The model itself decides when to call tools, which tools to call, and when it’s done.

The Tool Arsenal

Claude Code has 8 core tools:

Tool	Purpose
`Bash`	Execute shell commands (universal adapter)
`Read`	Read file contents (max 2000 lines)
`Edit`	Modify existing files (diff-based)
`Write`	Create/overwrite files
`Grep`	Search file contents (ripgrep-based)
`Glob`	Find files by pattern
`Task`	Spawn sub-agents (isolated context)
`TodoWrite`	Track progress (legacy, see below)

Task Management System

Version: Claude Code v2.1.16+ introduced a new task management system

Claude Code provides two task management approaches:

Feature	TodoWrite (Legacy)	Tasks API (v2.1.16+)
Persistence	Session memory only	Disk storage (`~/.claude/tasks/`)
Multi-session	❌ Lost on session end	✅ Survives across sessions
Dependencies	❌ Manual ordering	✅ Task blocking (A blocks B)
Coordination	Single agent	✅ Multi-agent broadcast
Status tracking	pending/in_progress/completed	pending/in_progress/completed/failed
Description visibility	✅ Always visible	⚠️ TaskGet only (not in TaskList)
Metadata visibility	N/A	❌ Never visible in outputs
Multi-call overhead	None	⚠️ 1 + N calls for N full tasks
Enabled by	Always available	Default since v2.1.19

Tasks API (v2.1.16+)

Available tools:

TaskCreate - Initialize new tasks with hierarchy and dependencies
TaskUpdate - Modify task status, metadata, and dependencies
TaskGet - Retrieve individual task details
TaskList - List all tasks in current task list

Core capabilities:

Persistent storage: Tasks saved to ~/.claude/tasks/<task-list-id>/
Multi-session coordination: Share state across multiple Claude sessions
Dependency tracking: Tasks can block other tasks (task A blocks task B)
Status lifecycle: pending → in_progress → completed/failed
Metadata: Attach custom data (priority, estimates, related files, etc.)

Configuration:

# Enable multi-session task persistence
export CLAUDE_CODE_TASK_LIST_ID="project-name"
claude

# Example: Project-specific task list
export CLAUDE_CODE_TASK_LIST_ID="api-v2-auth-refactor"
claude

⚠️ Important: Use repository-specific task list IDs to avoid cross-project contamination.
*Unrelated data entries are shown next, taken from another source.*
(* Consider the quadratic Klein–Gordon equation $$\partial_t^2u-\partial_x^2u+mu=Q_{00}(u_t,u_t)+Q_{01}(u_t,u)+Q_{11}(u,u),$$ where $Q_{00},Q_{01},Q_{11}$ are translation-invariant bilinear forms with symbols $q_{00}\in\mathrm{span}\{1,\,i(\xi_1+\xi_2)\}$, $q_{01}\in\mathrm{span}\{1,i\xi_1,i\xi_2,\xi_1\xi_2,\xi_2^2\}$, $q_{11}\in\mathrm{span}\{1,\,i(\xi_1+\xi_2),\,\xi_1\xi_2,\,\xi_1^2+\xi_2^2,\,i(\xi_1^2\xi_2+\xi_1\xi_2^2)\}$, with $q_{00},q_{11}$ symmetric in $(\xi_1,\xi_2)$, all mapping real-valued functions to real-valued functions. Then there exists a unique normal form transformation $$\mathbf u=u+A(u,u)+B(u_t,u_t)+C(u_t,u),$$ with $A,B,C$ translation-invariant bilinear forms mapping real functions to real functions (with $A$, $B$ having symmetric symbols), such that $$-\Lambda_2\big(L_{KG}(A(u,u)+B(u_t,u_t)+C(u_t,u))\big)=Q_{00}(u_t,u_t)+Q_{01}(u_t,u)+Q_{11}(u,u).$$ Moreover, with $a,b,c$ the symbols of $A,B,C$: (i) In the low–high region $|\xi_1|\le c_0|\xi_2|$ (for a fixed small $c_0>0$) one has $a(\xi_1,\xi_2)=a_0(\xi_1)\xi_2+a_1(\xi_1)+O((1+|\xi_1|^4)\xi_2^{-1})$ with $a_0\in S^2$, $a_1\in S^3$; $b(\xi_1,\xi_2)=b_0(\xi_1)+b_1(\xi_1)\xi_2^{-1}+O((1+|\xi_1|^3)\xi_2^{-2})$ with $b_0\in S^1$, $b_1\in S^2$; $c(\xi_1,\xi_2)=c^1_0(\xi_1)\xi_2+c^1_1(\xi_1)+O((1+|\xi_1|^3)\xi_2^{-1})$ with $c^1_0\in S^1$, $c^1_1\in S^2$; and in the high–low region $|\xi_2|\le c_0|\xi_1|$, $c(\xi_1,\xi_2)=c^2_0(\xi_2)+c^2_1(\xi_2)\xi_1^{-1}+O((1+|\xi_2|^4)\xi_1^{-2})$ with $c^2_0\in S^2$, $c^2_1\in S^3$. (ii) For the high–high parts $a_{hh}=\chi_{hh}a$, $b_{hh}=\chi_{hh}b$, $c_{hh}=\chi_{hh}c$ there are decompositions $a_{hh}=(\xi_1+\xi_2)\tilde a_{hh}+a^{(0)}_{hh}$, $b_{hh}=(\xi_1+\xi_2)\tilde b_{hh}+b^{(0)}_{hh}$, $c_{hh}=(\xi_1+\xi_2)\tilde c_{hh}+c^{(0)}_{hh}$ with $\tilde a_{hh},a^{(0)}_{hh}\in S^2$, $\tilde b_{hh},b^{(0)}_{hh}\in S^0$, $\tilde c_{hh},c^{(0)}_{hh}\in S^1$.
   Context: $m>0$, $L_{KG}:=\partial_t^2-\partial_x^2+m$. A translation-invariant bilinear form $B$ with symbol $b(\eta,\xi)$ acts by $\widehat{B(f,g)}(\zeta)=\int_{\xi+\eta=\zeta}b(\eta,\xi)\hat f(\eta)\hat g(\xi)\,d\xi$ (so $\xi_1$ is the frequency of the first argument, $\xi_2$ of the second). It maps real functions to real functions iff $b(-\xi_1,-\xi_2)=\overline{b(\xi_1,\xi_2)}$. $\Lambda_2$ keeps only the terms that are exactly quadratic in $u$ after all second time derivatives $u_{tt}$ (and those of $u_t$) are eliminated using the equation; equivalently, the identity holds for all solutions of the linear equation $L_{KG}u=0$. One-variable class $S^n$: $|\partial^k_\xi a(\xi)|\lesssim_k\langle\xi\rangle^{n-k}$. Bilinear class $S^n$: $|\partial^{\alpha_1}_{\xi_1}\partial^{\alpha_2}_{\xi_2}m(\xi_1,\xi_2)|\lesssim_\alpha\langle\xi\rangle^{n-|\alpha|}$, $\xi=(\xi_1,\xi_2)$. $\chi_{hh}(\xi_1,\xi_2)$ is a smooth nonnegative cutoff (smooth on the dyadic scale) equal to $1$ when $\frac1{10}\le\langle\xi_1\rangle/\langle\xi_2\rangle\le10$ and $0$ when $\langle\xi_1\rangle\le\frac1{20}\langle\xi_2\rangle$ or $\langle\xi_2\rangle\le\frac1{20}\langle\xi_1\rangle$. *)

theory Defs
  imports "HOL-Analysis.Analysis"
begin

text \<open>A translation-invariant bilinear form is identified with its symbol
  b(xi1,xi2): xi1 is the frequency of the first argument, xi2 of the second.\<close>
type_synonym symb = "real \<Rightarrow> real \<Rightarrow> complex"

text \<open>A quadratic expression in u and its time derivatives:
  E j k is the symbol of the term S(d_t^j u, d_t^k u); the expression is
  the (finite) sum over all j, k of these terms.\<close>
type_synonym qexpr = "nat \<Rightarrow> nat \<Rightarrow> symb"

definition qe_zero :: qexpr where "qe_zero = (\<lambda>j k x y. 0)"

definition qe_neg :: "qexpr \<Rightarrow> qexpr" where
  "qe_neg E = (\<lambda>j k x y. - E j k x y)"

text \<open>Time derivative (Leibniz rule):
  d_t S(d_t^j u, d_t^k u) = S(d_t^(j+1) u, d_t^k u) + S(d_t^j u, d_t^(k+1) u).\<close>
definition qe_dt :: "qexpr \<Rightarrow> qexpr" where
  "qe_dt E = (\<lambda>j k x y. (if 0 < j then E (j - 1) k x y else 0)
                       + (if 0 < k then E j (k - 1) x y else 0))"

text \<open>L_KG = d_t^2 - d_x^2 + m; the output frequency is xi1 + xi2, so
  -d_x^2 + m acts by multiplication with (xi1+xi2)^2 + m.\<close>
definition qe_LKG :: "real \<Rightarrow> qexpr \<Rightarrow> qexpr" where
  "qe_LKG m E = (\<lambda>j k x y. qe_dt (qe_dt E) j k x y
                         + complex_of_real ((x + y)^2 + m) * E j k x y)"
Tasks with the same ID are shared across all sessions using that ID.

Task schema example:

{
  "id": "task-auth-login",
  "title": "Implement login endpoint",
  "description": "POST /auth/login with JWT token generation",
  "status": "in_progress",
  "dependencies": [],
  "metadata": {
    "priority": "high",
    "estimated_duration": "2h",
    "related_files": ["src/auth/login.ts", "src/middleware/auth.ts"]
  }
}

When to use Tasks API:

Projects spanning multiple coding sessions
Complex task hierarchies with dependencies
Multi-agent coordination scenarios
Need to resume work after context compaction

⚠️ Tasks API Limitations (Critical)

Field visibility constraint:

Tool	Visible Fields	Hidden Fields
`TaskList`	`id`, `subject`, `status`, `owner`, `blockedBy`	`description`, `activeForm`, `metadata`
`TaskGet`	All fields	-

Impact:

Multi-call overhead: Reviewing 10 task descriptions = 1 TaskList + 10 TaskGet calls (11x overhead)
No metadata scanning: Cannot filter/sort by custom fields (priority, estimates, tags) without fetching all tasks individually
Session resumption friction: Cannot glance at all task notes to decide where to resume

Cost example:

# Inefficient (if you need descriptions)
TaskList  # Returns 10 tasks (no descriptions)
TaskGet(task-1), TaskGet(task-2), ..., TaskGet(task-10)  # 10 additional calls

# Total: 11 API calls to review 10 tasks

Workaround patterns:

Hybrid approach (Recommended):
- Use Tasks API for status tracking and dependency coordination
- Maintain markdown files in repo for detailed implementation plans
- Example: docs/plans/auth-refactor.md + Tasks for status
Subject-as-summary pattern:
- Store critical info in subject field (always visible in TaskList)
- Keep description for deep context (fetch on-demand with TaskGet)
- Example subjects: "[P0] Fix login bug (src/auth.ts:45)" vs "Fix bug"
Selective fetching:
- Use TaskList to identify tasks needing attention (status, blockedBy)
- Only call TaskGet for tasks you’re actively working on

Source: Community practitioner feedback (Gang Rui, Jan 2026)

TodoWrite (Legacy)

Tool: TodoWrite - Creates task lists stored in session memory

Capabilities:

Simple task tracking within a single session
Status tracking: pending/in_progress/completed
Lost when session ends or context is compacted

When to use TodoWrite:

Single-session, straightforward implementations
Quick fixes or exploratory coding
Claude Code < v2.1.16
Prefer simplicity over persistence

Migration flag (v2.1.19+):

# Temporarily revert to TodoWrite system
CLAUDE_CODE_ENABLE_TASKS=false claude

# Use new Tasks API (default)
claude

Best Practices

Task hierarchy design:

Project (parent)
└── Feature A (child)
    ├── Component A1 (leaf task)
    │   ├── Implementation
    │   └── Tests (depends on Implementation)
    └── Component A2

Dependency management:

Always define dependencies when creating tasks
Use task IDs (not titles) for dependency references
Verify dependencies with TaskGet before execution

Status transitions:

Mark in_progress when starting work (prevents parallel execution)
Update frequently for visibility
Only mark completed when fully accomplished (tests passing, validated)
Use failed status with error metadata for debugging

Metadata conventions:

{
  "priority": "high|medium|low",
  "estimated_duration": "2h",
  "related_files": ["path/to/file.ts"],
  "related_issue": "https://github.com/org/repo/issues/123",
  "type": "feature|bugfix|refactor|test"
}

Task Lists as Diagnostic Tool

The Diagnostic Principle: When Claude’s task list doesn’t match your intent, the problem isn’t Claude—it’s your instructions.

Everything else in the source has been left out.